(Stored data entries)
[Start of section]
(* Let $E$ be a finite set, $\mathcal{Q}\subseteq 2^E$ a weakly Rayleigh set-system, and $A,B\in\mathcal{Q}$ with $A\cap B=\varnothing$. For every two-element set $\{e,f\}\subseteq B$ and every $g\in A$, at least one of $\mathcal{Q}^f_{eg}$ or $\mathcal{Q}^e_{fg}$ is nonempty.
   Context: For $\omega:2^E\to[0,\infty)$ not identically zero, $Z(\omega;\mathbf{y})=\sum_S\omega(S)\prod_{e\in S}y_e$; with subscripts denoting partial derivatives, $Z$ is Rayleigh if $Z_eZ_f-Z_{ef}Z\ge0$ for all distinct $e,f$ and all positive $\mathbf{y}$. $\mathcal{Q}$ is weakly Rayleigh if some $\omega\ge0$ with $\{S:\omega(S)>0\}=\mathcal{Q}$ has $Z(\omega;\mathbf{y})$ Rayleigh. Notation: $\mathcal{Q}^f_{eg}=\{S\setminus\{e,g\}: S\in\mathcal{Q},\ e,g\in S,\ f\notin S\}$, and similarly $\mathcal{Q}^e_{fg}$. *)

theory Defs
  imports "HOL-Analysis.Analysis"
begin

definition genpoly :: "'a set \<Rightarrow> ('a set \<Rightarrow> real) \<Rightarrow> ('a \<Rightarrow> real) \<Rightarrow> real" where
  "genpoly E \<omega> y = (\<Sum>S\<in>Pow E. \<omega> S * (\<Prod>e\<in>S. y e))"

definition pdiff :: "'a \<Rightarrow> (('a \<Rightarrow> real) \<Rightarrow> real) \<Rightarrow> ('a \<Rightarrow> real) \<Rightarrow> real" where
  "pdiff e F y = deriv (\<lambda>t. F (y(e := t))) (y e)"

definition rayleigh :: "'a set \<Rightarrow> (('a \<Rightarrow> real) \<Rightarrow> real) \<Rightarrow> bool" where
  "rayleigh E Z \<longleftrightarrow>
     (\<forall>e\<in>E. \<forall>f\<in>E. e \<noteq> f \<longrightarrow> (\<forall>y. (\<forall>x\<in>E. y x > 0) \<longrightarrow>
        pdiff e Z y * pdiff f Z y - pdiff e (pdiff f Z) y * Z y \<ge> 0))"

definition weakly_rayleigh :: "'a set \<Rightarrow> 'a set set \<Rightarrow> bool" where
  "weakly_rayleigh E Q \<longleftrightarrow> Q \<subseteq> Pow E \<and>
     (\<exists>\<omega>. (\<forall>S\<in>Pow E. \<omega> S \<ge> 0) \<and> (\<exists>S\<in>Pow E. \<omega> S \<noteq> 0) \<and>
          {S\<in>Pow E. \<omega> S > 0} = Q \<and> rayleigh E (genpoly E \<omega>))"

text \<open>Q^f_{eg} = { S - {e,g} : S in Q, e,g in S, f notin S }.\<close>
definition minor_sys :: "'a set set \<Rightarrow> 'a \<Rightarrow> 'a \<Rightarrow> 'a \<Rightarrow> 'a set set" where
  "minor_sys Q f e g = {S - {e, g} | S. S \<in> Q \<and> e \<in> S \<and> g \<in> S \<and> f \<notin> S}"

end

theory Submission imports Defs begin

text \<open>Suppose both minors are empty, i.e. among the sets of \<open>Q\<close> containing \<open>g\<close>, those containing
  \<open>e\<close> are exactly those containing \<open>f\<close>. Evaluate the Rayleigh difference at \<open>y = 1\<close> except
  \<open>y\<^sub>g = t\<close>: it becomes a quadratic in \<open>t\<close> whose linear coefficient is at most
  \<open>-\<omega>(B) \<omega>(A) < 0\<close> and whose quadratic coefficient is \<open>\<le> 0\<close>, so it is negative for large \<open>t\<close>.\<close>

definition mass :: "'a set \<Rightarrow> ('a set \<Rightarrow> real) \<Rightarrow> ('a set \<Rightarrow> bool) \<Rightarrow> real" where
  "mass E \<omega> P = (\<Sum>S\<in>Pow E. if P S then \<omega> S else 0)"

lemma mass_cong:
  assumes "\<And>S. S \<subseteq> E \<Longrightarrow> \<omega> S \<noteq> 0 \<Longrightarrow> P S \<longleftrightarrow> P' S"
  shows "mass E \<omega> P = mass E \<omega> P'"
  unfolding mass_def by (rule sum.cong) (use assms in auto)

lemma mass_mono:
  assumes "\<And>S. S \<subseteq> E \<Longrightarrow> \<omega> S \<ge> 0" and "\<And>S. P S \<Longrightarrow> P' S"
  shows "mass E \<omega> P \<le> mass E \<omega> P'"
  unfolding mass_def by (rule sum_mono) (use assms in auto)

lemma mass_nonneg:
  assumes "\<And>S. S \<subseteq> E \<Longrightarrow> \<omega> S \<ge> 0"
  shows "0 \<le> mass E \<omega> P"
  unfolding mass_def by (rule sum_nonneg) (use assms in auto)

lemma mass_union_inter:
  "mass E \<omega> P + mass E \<omega> P' = mass E \<omega> (\<lambda>S. P S \<or> P' S) + mass E \<omega> (\<lambda>S. P S \<and> P' S)"
  unfolding mass_def sum.distrib[symmetric] by (rule sum.cong) auto

lemma mass_split:
  "mass E \<omega> P = mass E \<omega> (\<lambda>S. P S \<and> P' S) + mass E \<omega> (\<lambda>S. P S \<and> \<not> P' S)"
  unfolding mass_def sum.distrib[symmetric] by (rule sum.cong) auto

lemma mass_ge_member:
  assumes "finite E" "\<And>S. S \<subseteq> E \<Longrightarrow> \<omega> S \<ge> 0" "A \<subseteq> E" "P A"
  shows "\<omega> A \<le> mass E \<omega> P"
proof -
  have "(if P A then \<omega> A else 0) \<le> mass E \<omega> P"
    unfolding mass_def by (rule member_le_sum) (use assms in auto)
  with assms(4) show ?thesis by simp
qed

lemma mass_restrict:
  "mass E (\<lambda>S. if P S then \<omega> S else 0) P' = mass E \<omega> (\<lambda>S. P S \<and> P' S)"
  unfolding mass_def by (rule sum.cong) auto

lemma genpoly_fun_upd:
  assumes "finite E"
  shows "genpoly E c (y(e := t)) =
    t * genpoly E (\<lambda>S. if e \<in> S then c S else 0) (y(e := 1)) + genpoly E (\<lambda>S. if e \<notin> S then c S else 0) y"
  unfolding genpoly_def sum_distrib_left sum.distrib[symmetric]
proof (rule sum.cong[OF refl])
  fix S assume "S \<in> Pow E"
  then have "finite S" using assms finite_subset by blast
  show "c S * (\<Prod>x\<in>S. (y(e := t)) x) =
    t * ((if e \<in> S then c S else 0) * (\<Prod>x\<in>S. (y(e := 1)) x)) + (if e \<notin> S then c S else 0) * (\<Prod>x\<in>S. y x)"
  proof (cases "e \<in> S")
    case True
    have "(\<Prod>x\<in>S. (y(e := a)) x) = a * (\<Prod>x\<in>S - {e}. y x)" for a :: real
    proof -
      have "(\<Prod>x\<in>S - {e}. (y(e := a)) x) = (\<Prod>x\<in>S - {e}. y x)"
        by (rule prod.cong) auto
      then show ?thesis using prod.remove[OF \<open>finite S\<close> True, of "y(e := a)"] by simp
    qed
    then show ?thesis using True by simp
  next
    case False
    then have "(\<Prod>x\<in>S. (y(e := t)) x) = (\<Prod>x\<in>S. y x)"
      by (intro prod.cong) auto
    with False show ?thesis by simp
  qed
qed

lemma pdiff_genpoly:
  assumes "finite E"
  shows "pdiff e (genpoly E c) y = genpoly E (\<lambda>S. if e \<in> S then c S else 0) (y(e := 1))"
proof -
  define slope where "slope = genpoly E (\<lambda>S. if e \<in> S then c S else 0) (y(e := 1))"
  have "((\<lambda>t. t * slope + genpoly E (\<lambda>S. if e \<notin> S then c S else 0) y) has_field_derivative slope) (at (y e))"
    by (auto intro!: derivative_eq_intros)
  moreover have "(\<lambda>t. genpoly E c (y(e := t))) = (\<lambda>t. t * slope + genpoly E (\<lambda>S. if e \<notin> S then c S else 0) y)"
    unfolding slope_def by (intro ext genpoly_fun_upd[OF assms])
  ultimately have "((\<lambda>t. genpoly E c (y(e := t))) has_field_derivative slope) (at (y e))"
    by simp
  then show ?thesis unfolding pdiff_def slope_def by (rule DERIV_imp_deriv)
qed

lemma pdiff_fun_upd_other:
  assumes "e \<noteq> f"
  shows "pdiff f (\<lambda>y. F (y(e := a))) y = pdiff f F (y(e := a))"
  using assms unfolding pdiff_def by (simp add: fun_upd_twist)

lemma genpoly_ones_upd:
  assumes "finite E"
  shows "genpoly E c ((\<lambda>_. 1)(g := t)) = t * mass E c (\<lambda>S. g \<in> S) + mass E c (\<lambda>S. g \<notin> S)"
proof -
  have ones: "genpoly E (\<lambda>S. if P S then c S else 0) (\<lambda>_. 1) = mass E c P" for P
    unfolding genpoly_def mass_def by simp
  have "((\<lambda>_. 1) :: 'a \<Rightarrow> real)(g := 1) = (\<lambda>_. 1)"
    by auto
  then show ?thesis
    using genpoly_fun_upd[OF assms, of c "\<lambda>_. 1" g t] ones[of "\<lambda>S. g \<in> S"] ones[of "\<lambda>S. g \<notin> S"]
    by simp
qed

lemma rayleigh_ineq_ones_upd:
  fixes E :: "'a set" and \<omega> :: "'a set \<Rightarrow> real"
  defines "M \<equiv> mass E \<omega>"
  assumes "finite E" "rayleigh E (genpoly E \<omega>)"
    and "e \<in> E" "f \<in> E" "e \<noteq> f" "g \<noteq> e" "g \<noteq> f" "t > 0"
  shows "(t * M (\<lambda>S. e \<in> S \<and> f \<in> S \<and> g \<in> S) + M (\<lambda>S. e \<in> S \<and> f \<in> S \<and> g \<notin> S)) *
           (t * M (\<lambda>S. g \<in> S) + M (\<lambda>S. g \<notin> S))
         \<le> (t * M (\<lambda>S. e \<in> S \<and> g \<in> S) + M (\<lambda>S. e \<in> S \<and> g \<notin> S)) *
           (t * M (\<lambda>S. f \<in> S \<and> g \<in> S) + M (\<lambda>S. f \<in> S \<and> g \<notin> S))"
proof -
  define y :: "'a \<Rightarrow> real" where "y = (\<lambda>_. 1)(g := t)"
  have "\<forall>x\<in>E. y x > 0" using \<open>t > 0\<close> by (simp add: y_def)
  then have "pdiff e (pdiff f (genpoly E \<omega>)) y * genpoly E \<omega> y
      \<le> pdiff e (genpoly E \<omega>) y * pdiff f (genpoly E \<omega>) y"
    using assms(3-6) unfolding rayleigh_def by auto
  moreover have "pdiff f (genpoly E \<omega>) = (\<lambda>y. genpoly E (\<lambda>S. if f \<in> S then \<omega> S else 0) (y(f := 1)))"
    using pdiff_genpoly[OF assms(2)] by blast
  moreover have "y(e := 1) = y" "y(f := 1) = y"
    using assms(7,8) by (auto simp: y_def)
  ultimately show ?thesis
    using assms(6,7,8) unfolding y_def M_def
    by (simp add: pdiff_genpoly pdiff_fun_upd_other genpoly_ones_upd mass_restrict assms(2) conj_ac)
qed

lemma quadratic_ineq_forces_nonpos:
  fixes a b c d h H :: real
  assumes ineq: "\<And>t. t > 0 \<Longrightarrow> (t * h + c) * (t * H + d) \<le> (t * h + a) * (t * h + b)"
    and "0 \<le> h" "h \<le> H" "a + b \<le> c + d"
  shows "c * (H - h) \<le> 0"
proof (rule ccontr)
  define K where "K = c * (H - h)"
  assume "\<not> c * (H - h) \<le> 0"
  then have "K > 0" by (simp add: K_def)
  define t where "t = (\<bar>a * b - c * d\<bar> + 1) / K"
  have "t > 0" using \<open>K > 0\<close> by (simp add: t_def)
  have "(t * h + a) * (t * h + b) - (t * h + c) * (t * H + d)
      = (a * b - c * d) + t * h * ((a + b) - (c + d)) + t * t * h * (h - H) - t * K"
    by (simp add: K_def algebra_simps)
  also have "\<dots> \<le> (a * b - c * d) - t * K"
    using assms(2-4) \<open>t > 0\<close>
    by (smt (verit) mult_nonneg_nonneg mult_nonneg_nonpos mult_pos_pos)
  also have "\<dots> < 0"
    using \<open>K > 0\<close> by (simp add: t_def)
  finally show False using ineq[OF \<open>t > 0\<close>] by linarith
qed

lemma rayleigh_mass_product_nonpos:
  fixes E :: "'a set" and \<omega> :: "'a set \<Rightarrow> real"
  defines "M \<equiv> mass E \<omega>"
  assumes "finite E" and nonneg: "\<And>S. S \<subseteq> E \<Longrightarrow> \<omega> S \<ge> 0" and ray: "rayleigh E (genpoly E \<omega>)"
    and "e \<in> E" "f \<in> E" "e \<noteq> f" "g \<noteq> e" "g \<noteq> f"
    and e_eq: "M (\<lambda>S. e \<in> S \<and> g \<in> S) = M (\<lambda>S. e \<in> S \<and> f \<in> S \<and> g \<in> S)"
    and f_eq: "M (\<lambda>S. f \<in> S \<and> g \<in> S) = M (\<lambda>S. e \<in> S \<and> f \<in> S \<and> g \<in> S)"
  shows "M (\<lambda>S. e \<in> S \<and> f \<in> S \<and> g \<notin> S) * (M (\<lambda>S. g \<in> S) - M (\<lambda>S. e \<in> S \<and> f \<in> S \<and> g \<in> S)) \<le> 0"
proof (rule quadratic_ineq_forces_nonpos)
  fix t :: real assume "t > 0"
  from rayleigh_ineq_ones_upd[OF assms(2) ray assms(5-9) this] e_eq f_eq
  show "(t * M (\<lambda>S. e \<in> S \<and> f \<in> S \<and> g \<in> S) + M (\<lambda>S. e \<in> S \<and> f \<in> S \<and> g \<notin> S)) *
          (t * M (\<lambda>S. g \<in> S) + M (\<lambda>S. g \<notin> S))
        \<le> (t * M (\<lambda>S. e \<in> S \<and> f \<in> S \<and> g \<in> S) + M (\<lambda>S. e \<in> S \<and> g \<notin> S)) *
          (t * M (\<lambda>S. e \<in> S \<and> f \<in> S \<and> g \<in> S) + M (\<lambda>S. f \<in> S \<and> g \<notin> S))"
    unfolding M_def by simp
next
  show "0 \<le> M (\<lambda>S. e \<in> S \<and> f \<in> S \<and> g \<in> S)"
    unfolding M_def by (rule mass_nonneg[OF nonneg])
  show "M (\<lambda>S. e \<in> S \<and> f \<in> S \<and> g \<in> S) \<le> M (\<lambda>S. g \<in> S)"
    unfolding M_def by (rule mass_mono[OF nonneg]) auto
  have "M (\<lambda>S. (e \<in> S \<and> g \<notin> S) \<and> (f \<in> S \<and> g \<notin> S)) = M (\<lambda>S. e \<in> S \<and> f \<in> S \<and> g \<notin> S)"
    unfolding M_def by (rule mass_cong) auto
  moreover have "M (\<lambda>S. e \<in> S \<and> g \<notin> S \<or> f \<in> S \<and> g \<notin> S) \<le> M (\<lambda>S. g \<notin> S)"
    unfolding M_def by (rule mass_mono[OF nonneg]) auto
  ultimately show "M (\<lambda>S. e \<in> S \<and> g \<notin> S) + M (\<lambda>S. f \<in> S \<and> g \<notin> S)
      \<le> M (\<lambda>S. e \<in> S \<and> f \<in> S \<and> g \<notin> S) + M (\<lambda>S. g \<notin> S)"
    using mass_union_inter[of E \<omega> "\<lambda>S. e \<in> S \<and> g \<notin> S" "\<lambda>S. f \<in> S \<and> g \<notin> S"]
    unfolding M_def by linarith
qed

theorem lemma4p5:
  fixes E :: "'a set" and Q :: "'a set set" and A B :: "'a set" and e f g :: 'a
  assumes "finite E"
    and "weakly_rayleigh E Q"
    and "A \<in> Q" and "B \<in> Q" and "A \<inter> B = {}"
    and "e \<in> B" and "f \<in> B" and "e \<noteq> f"
    and "g \<in> A"
  shows "minor_sys Q f e g \<noteq> {} \<or> minor_sys Q e f g \<noteq> {}"
proof (rule ccontr)
  assume "\<not> ?thesis"
  then have closed: "S \<in> Q \<Longrightarrow> g \<in> S \<Longrightarrow> e \<in> S \<longleftrightarrow> f \<in> S" for S
    unfolding minor_sys_def by blast
  obtain \<omega> where "\<forall>S\<in>Pow E. \<omega> S \<ge> 0" and supp: "{S\<in>Pow E. \<omega> S > 0} = Q"
    and ray: "rayleigh E (genpoly E \<omega>)"
    using assms(2) unfolding weakly_rayleigh_def by blast
  then have nonneg: "\<And>S. S \<subseteq> E \<Longrightarrow> \<omega> S \<ge> 0" by blast
  let ?M = "mass E \<omega>"
  have in_Q: "S \<in> Q" if "S \<subseteq> E" "\<omega> S \<noteq> 0" for S
    using nonneg[of S] that supp by force
  have "A \<subseteq> E" "B \<subseteq> E" "\<omega> A > 0" "\<omega> B > 0"
    using supp assms(3,4) by auto
  have "?M (\<lambda>S. e \<in> S \<and> f \<in> S \<and> g \<notin> S) * (?M (\<lambda>S. g \<in> S) - ?M (\<lambda>S. e \<in> S \<and> f \<in> S \<and> g \<in> S)) \<le> 0"
  proof (rule rayleigh_mass_product_nonpos[OF assms(1) nonneg ray])
    show "?M (\<lambda>S. e \<in> S \<and> g \<in> S) = ?M (\<lambda>S. e \<in> S \<and> f \<in> S \<and> g \<in> S)"
      "?M (\<lambda>S. f \<in> S \<and> g \<in> S) = ?M (\<lambda>S. e \<in> S \<and> f \<in> S \<and> g \<in> S)"
      by (rule mass_cong; use closed in_Q in blast)+
  qed (use assms(5-9) \<open>B \<subseteq> E\<close> in auto)
  moreover have "\<omega> B \<le> ?M (\<lambda>S. e \<in> S \<and> f \<in> S \<and> g \<notin> S)"
    using assms(5-7,9) \<open>B \<subseteq> E\<close> by (intro mass_ge_member[OF assms(1) nonneg]) auto
  moreover have "\<omega> A \<le> ?M (\<lambda>S. g \<in> S \<and> \<not> (e \<in> S \<and> f \<in> S))"
    using assms(5,6,9) \<open>A \<subseteq> E\<close> by (intro mass_ge_member[OF assms(1) nonneg]) auto
  then have "\<omega> A \<le> ?M (\<lambda>S. g \<in> S) - ?M (\<lambda>S. e \<in> S \<and> f \<in> S \<and> g \<in> S)"
    using mass_split[of E \<omega> "\<lambda>S. g \<in> S" "\<lambda>S. e \<in> S \<and> f \<in> S"] by (simp add: conj_ac)
  ultimately show False
    using \<open>\<omega> A > 0\<close> \<open>\<omega> B > 0\<close> mult_pos_pos[of "?M (\<lambda>S. e \<in> S \<and> f \<in> S \<and> g \<notin> S)"
      "?M (\<lambda>S. g \<in> S) - ?M (\<lambda>S. e \<in> S \<and> f \<in> S \<and> g \<in> S)"] by linarith
qed

end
[End of section]
In exact wording, restate the lines of the data above from the first through the one holding "y = (\<Sum>S\<in>Pow", and stop after that line.

(* Let $E$ be a finite set, $\mathcal{Q}\subseteq 2^E$ a weakly Rayleigh set-system, and $A,B\in\mathcal{Q}$ with $A\cap B=\varnothing$. For every two-element set $\{e,f\}\subseteq B$ and every $g\in A$, at least one of $\mathcal{Q}^f_{eg}$ or $\mathcal{Q}^e_{fg}$ is nonempty.
   Context: For $\omega:2^E\to[0,\infty)$ not identically zero, $Z(\omega;\mathbf{y})=\sum_S\omega(S)\prod_{e\in S}y_e$; with subscripts denoting partial derivatives, $Z$ is Rayleigh if $Z_eZ_f-Z_{ef}Z\ge0$ for all distinct $e,f$ and all positive $\mathbf{y}$. $\mathcal{Q}$ is weakly Rayleigh if some $\omega\ge0$ with $\{S:\omega(S)>0\}=\mathcal{Q}$ has $Z(\omega;\mathbf{y})$ Rayleigh. Notation: $\mathcal{Q}^f_{eg}=\{S\setminus\{e,g\}: S\in\mathcal{Q},\ e,g\in S,\ f\notin S\}$, and similarly $\mathcal{Q}^e_{fg}$. *)

theory Defs
  imports "HOL-Analysis.Analysis"
begin

definition genpoly :: "'a set \<Rightarrow> ('a set \<Rightarrow> real) \<Rightarrow> ('a \<Rightarrow> real) \<Rightarrow> real" where
  "genpoly E \<omega> y = (\<Sum>S\<in>Pow E. \<omega> S * (\<Prod>e\<in>S. y e))"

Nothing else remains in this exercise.